## TASK PROMPT
The records that follow are to be reproduced verbatim.

------ RECORDS SUPPLIED

lemma clique_indicator_sum_le:
  assumes sg: "simple_graph V E" and ch: "chordal V E" and m: "even m" "m \<ge> 2"
  shows "(\<Sum>I | I \<in> clique_complex V E \<and> card I \<le> m. (-1) ^ (card I - 1) * indicator (\<Inter>i\<in>I. A i) x)
         \<le> real (independence_number V E) * indicator (\<Union>v\<in>V. A v) x"
proof (cases "{v\<in>V. x \<in> A v} = {}")
  case True
  then show ?thesis
    using clique_indicator_sum[OF sg, where m = m and A = A and x = x, unfolded True]
    by (simp add: clique_sum_empty)
next
  case False
  obtain S where "independent_set V E S" and S: "clique_sum V E m {v\<in>V. x \<in> A v} \<le> card S"
    using clique_sum_le_independent[OF sg ch m, of "{v\<in>V. x \<in> A v}"] by blast
  then have "clique_sum V E m {v\<in>V. x \<in> A v} \<le> real (independence_number V E)"
    using independent_le_independence_number[OF sg] by (meson of_nat_le_iff order_trans)
  moreover have "x \<in> (\<Union>v\<in>V. A v)" using False by blast
  ultimately show ?thesis
    using clique_indicator_sum[OF sg, where m = m and A = A and x = x] by simp
qed

lemma chordal_bonferroni:
  assumes sg: "simple_graph V E" and ch: "chordal V E" and m: "even m" "m \<ge> 2"
    and M: "finite_measure M" and A: "\<And>v. v \<in> V \<Longrightarrow> A v \<in> sets M"
  shows "(\<Sum>I | I \<in> clique_complex V E \<and> card I \<le> m. (-1) ^ (card I - 1) * measure M (\<Inter>i\<in>I. A i))
         \<le> real (independence_number V E) * measure M (\<Union>v\<in>V. A v)"
proof -
  interpret finite_measure M by (rule M)
  define X where "X = {I. I \<in> clique_complex V E \<and> card I \<le> m}"
  define \<alpha> where "\<alpha> = real (independence_number V E)"
  have fin_V: "finite V" using sg unfolding simple_graph_def by simp
  have "finite X" using finite_clique_complex[OF sg] unfolding X_def by simp
  have meas_Inter: "(\<Inter>i\<in>I. A i) \<in> sets M" if "I \<in> X" for I
  proof -
    have "I \<subseteq> V" "I \<noteq> {}" using that unfolding X_def clique_complex_def by auto
    then show ?thesis using A finite_subset[OF _ fin_V] by (intro sets.finite_INT) auto
  qed
  have meas_Union: "(\<Union>v\<in>V. A v) \<in> sets M" using A fin_V by (intro sets.finite_UN) auto
  have integrable: "integrable M (indicator B :: 'b \<Rightarrow> real)" if "B \<in> sets M" for B
    using that by (simp add: less_top[symmetric])
  have "(\<Sum>I\<in>X. (-1) ^ (card I - 1) * measure M (\<Inter>i\<in>I. A i))
      = (\<Sum>I\<in>X. \<integral>x. (-1) ^ (card I - 1) * indicator (\<Inter>i\<in>I. A i) x \<partial>M)"
    using meas_Inter by (intro sum.cong) (simp_all add: sets.Int_space_eq2)
  also have "\<dots> = (\<integral>x. (\<Sum>I\<in>X. (-1) ^ (card I - 1) * indicator (\<Inter>i\<in>I. A i) x) \<partial>M)"
    using meas_Inter integrable by (intro Bochner_Integration.integral_sum[symmetric]) auto
  also have "\<dots> \<le> (\<integral>x. \<alpha> * indicator (\<Union>v\<in>V. A v) x \<partial>M)"
    using meas_Inter meas_Union integrable clique_indicator_sum_le[OF sg ch m, of A]
    unfolding X_def \<alpha>_def by (intro integral_mono) auto
  also have "\<dots> = \<alpha> * measure M (\<Union>v\<in>V. A v)"
    using meas_Union by (simp add: sets.Int_space_eq2)
  finally show ?thesis unfolding X_def \<alpha>_def .
qed

text \<open>The theorem: the first inequality is the truncation at \<open>m = 2 |V|\<close>, where no clique
  is cut off; both follow by dividing by \<open>\<alpha>(G) \<ge> 1\<close>.\<close>
theorem theorem1:
  fixes V :: "'a set" and E :: "'a set set"
    and M :: "'b measure" and A :: "'a \<Rightarrow> 'b set"
  assumes "simple_graph V E" and "V \<noteq> {}" and "chordal V E"
    and "prob_space M" and "\<And>v. v \<in> V \<Longrightarrow> A v \<in> sets M"
  shows "measure M (\<Union>v\<in>V. A v) \<ge>
           (1 / real (independence_number V E)) *
             (\<Sum>I\<in>clique_complex V E. (-1) ^ (card I - 1) * measure M (\<Inter>i\<in>I. A i)) \<and>
         (\<forall>r::nat. r \<ge> 1 \<longrightarrow> measure M (\<Union>v\<in>V. A v) \<ge>
           (1 / real (independence_number V E)) *
             (\<Sum>I\<in>{I\<in>clique_complex V E. card I \<le> 2 * r}.
                (-1) ^ (card I - 1) * measure M (\<Inter>i\<in>I. A i)))"
proof -
  note sg = assms(1) and ch = assms(3)
  have fin_V: "finite V" using sg unfolding simple_graph_def by simp
  have \<alpha>_pos: "real (independence_number V E) > 0"
    using independence_number_pos[OF sg assms(2)] by simp
  have "finite_measure M" using assms(4) by (simp add: prob_space_def)
  have truncated: "(1 / real (independence_number V E)) *
      (\<Sum>I\<in>{I\<in>clique_complex V E. card I \<le> 2 * r}. (-1) ^ (card I - 1) * measure M (\<Inter>i\<in>I. A i))
      \<le> measure M (\<Union>v\<in>V. A v)" if "r \<ge> 1" for r
  proof -
    have "(\<Sum>I\<in>{I\<in>clique_complex V E. card I \<le> 2 * r}. (-1) ^ (card I - 1) * measure M (\<Inter>i\<in>I. A i))
        \<le> real (independence_number V E) * measure M (\<Union>v\<in>V. A v)"
      by (rule chordal_bonferroni[OF sg ch _ _ \<open>finite_measure M\<close>]) (use that assms(5) in auto)
    then show ?thesis using \<alpha>_pos by (simp add: pos_divide_le_eq mult.commute)
  qed
  have "card I \<le> 2 * card V" if "I \<in> clique_complex V E" for I
    using that card_mono[OF fin_V, of I] unfolding clique_complex_def by simp
  then have all_cliques: "{I\<in>clique_complex V E. card I \<le> 2 * card V} = clique_complex V E" by blast
  have "card V \<ge> 1" using fin_V assms(2) by (simp add: Suc_le_eq card_gt_0_iff)
  with truncated[of "card V"] have "(1 / real (independence_number V E)) *
      (\<Sum>I\<in>clique_complex V E. (-1) ^ (card I - 1) * measure M (\<Inter>i\<in>I. A i))
      \<le> measure M (\<Union>v\<in>V. A v)" unfolding all_cliques .
  then show ?thesis using truncated by blast
qed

------------

## SOLUTION FOR THIS PROBLEM
lemma clique_indicator_sum_le:
  assumes sg: "simple_graph V E" and ch: "chordal V E" and m: "even m" "m \<ge> 2"
  shows "(\<Sum>I | I \<in> clique_complex V E \<and> card I \<le> m. (-1) ^ (card I - 1) * indicator (\<Inter>i\<in>I. A i) x)
         \<le> real (independence_number V E) * indicator (\<Union>v\<in>V. A v) x"
proof (cases "{v\<in>V. x \<in> A v} = {}")
  case True
  then show ?thesis
    using clique_indicator_sum[OF sg, where m = m and A = A and x = x, unfolded True]
    by (simp add: clique_sum_empty)
next
  case False
  obtain S where "independent_set V E S" and S: "clique_sum V E m {v\<in>V. x \<in> A v} \<le> card S"
    using clique_sum_le_independent[OF sg ch m, of "{v\<in>V. x \<in> A v}"] by blast
  then have "clique_sum V E m {v\<in>V. x \<in> A v} \<le> real (independence_number V E)"
    using independent_le_independence_number[OF sg] by (meson of_nat_le_iff order_trans)
  moreover have "x \<in> (\<Union>v\<in>V. A v)" using False by blast
  ultimately show ?thesis
    using clique_indicator_sum[OF sg, where m = m and A = A and x = x] by simp
qed

lemma chordal_bonferroni:
  assumes sg: "simple_graph V E" and ch: "chordal V E" and m: "even m" "m \<ge> 2"
    and M: "finite_measure M" and A: "\<And>v. v \<in> V \<Longrightarrow> A v \<in> sets M"
  shows "(\<Sum>I | I \<in> clique_complex V E \<and> card I \<le> m. (-1) ^ (card I - 1) * measure M (\<Inter>i\<in>I. A i))
         \<le> real (independence_number V E) * measure M (\<Union>v\<in>V. A v)"
proof -
  interpret finite_measure M by (rule M)
  define X where "X = {I. I \<in> clique_complex V E \<and> card I \<le> m}"
  define \<alpha> where "\<alpha> = real (independence_number V E)"
  have fin_V: "finite V" using sg unfolding simple_graph_def by simp
  have "finite X" using finite_clique_complex[OF sg] unfolding X_def by simp
  have meas_Inter: "(\<Inter>i\<in>I. A i) \<in> sets M" if "I \<in> X" for I
  proof -
    have "I \<subseteq> V" "I \<noteq> {}" using that unfolding X_def clique_complex_def by auto
    then show ?thesis using A finite_subset[OF _ fin_V] by (intro sets.finite_INT) auto
  qed
  have meas_Union: "(\<Union>v\<in>V. A v) \<in> sets M" using A fin_V by (intro sets.finite_UN) auto
  have integrable: "integrable M (indicator B :: 'b \<Rightarrow> real)" if "B \<in> sets M" for B
    using that by (simp add: less_top[symmetric])
  have "(\<Sum>I\<in>X. (-1) ^ (card I - 1) * measure M (\<Inter>i\<in>I. A i))
      = (\<Sum>I\<in>X. \<integral>x. (-1) ^ (card I - 1) * indicator (\<Inter>i\<in>I. A i) x \<partial>M)"
    using meas_Inter by (intro sum.cong) (simp_all add: sets.Int_space_eq2)
  also have "\<dots> = (\<integral>x. (\<Sum>I\<in>X. (-1) ^ (card I - 1) * indicator (\<Inter>i\<in>I. A i) x) \<partial>M)"
    using meas_Inter integrable by (intro Bochner_Integration.integral_sum[symmetric]) auto
  also have "\<dots> \<le> (\<integral>x. \<alpha> * indicator (\<Union>v\<in>V. A v) x \<partial>M)"
    using meas_Inter meas_Union integrable clique_indicator_sum_le[OF sg ch m, of A]
    unfolding X_def \<alpha>_def by (intro integral_mono) auto
  also have "\<dots> = \<alpha> * measure M (\<Union>v\<in>V. A v)"
    using meas_Union by (simp add: sets.Int_space_eq2)
  finally show ?thesis unfolding X_def \<alpha>_def .
qed

text \<open>The theorem: the first inequality is the truncation at \<open>m = 2 |V|\<close>, where no clique
  is cut off; both follow by dividing by \<open>\<alpha>(G) \<ge> 1\<close>.\<close>
theorem theorem1:
  fixes V :: "'a set" and E :: "'a set set"
    and M :: "'b measure" and A :: "'a \<Rightarrow> 'b set"
  assumes "simple_graph V E" and "V \<noteq> {}" and "chordal V E"
    and "prob_space M" and "\<And>v. v \<in> V \<Longrightarrow> A v \<in> sets M"
  shows "measure M (\<Union>v\<in>V. A v) \<ge>
           (1 / real (independence_number V E)) *
             (\<Sum>I\<in>clique_complex V E. (-1) ^ (card I - 1) * measure M (\<Inter>i\<in>I. A i)) \<and>
         (\<forall>r::nat. r \<ge> 1 \<longrightarrow> measure M (\<Union>v\<in>V. A v) \<ge>
           (1 / real (independence_number V E)) *
             (\<Sum>I\<in>{I\<in>clique_complex V E. card I \<le> 2 * r}.
                (-1) ^ (card I - 1) * measure M (\<Inter>i\<in>I. A i)))"
proof -
  note sg = assms(1) and ch = assms(3)
  have fin_V: "finite V" using sg unfolding simple_graph_def by simp
  have \<alpha>_pos: "real (independence_number V E) > 0"
    using independence_number_pos[OF sg assms(2)] by simp
  have "finite_measure M" using assms(4) by (simp add: prob_space_def)
  have truncated: "(1 / real (independence_number V E)) *
      (\<Sum>I\<in>{I\<in>clique_complex V E. card I \<le> 2 * r}. (-1) ^ (card I - 1) * measure M (\<Inter>i\<in>I. A i))
      \<le> measure M (\<Union>v\<in>V. A v)" if "r \<ge> 1" for r
  proof -
    have "(\<Sum>I\<in>{I\<in>clique_complex V E. card I \<le> 2 * r}. (-1) ^ (card I - 1) * measure M (\<Inter>i\<in>I. A i))
        \<le> real (independence_number V E) * measure M (\<Union>v\<in>V. A v)"
      by (rule chordal_bonferroni[OF sg ch _ _ \<open>finite_measure M\<close>]) (use that assms(5) in auto)
    then show ?thesis using \<alpha>_pos by (simp add: pos_divide_le_eq mult.commute)
  qed
  have "card I \<le> 2 * card V" if "I \<in> clique_complex V E" for I
    using that card_mono[OF fin_V, of I] unfolding clique_complex_def by simp
  then have all_cliques: "{I\<in>clique_complex V E. card I \<le> 2 * card V} = clique_complex V E" by blast
  have "card V \<ge> 1" using fin_V assms(2) by (simp add: Suc_le_eq card_gt_0_iff)
  with truncated[of "card V"] have "(1 / real (independence_number V E)) *
      (\<Sum>I\<in>clique_complex V E. (-1) ^ (card I - 1) * measure M (\<Inter>i\<in>I. A i))
      \<le> measure M (\<Union>v\<in>V. A v)" unfolding all_cliques .
  then show ?thesis using truncated by blast
qed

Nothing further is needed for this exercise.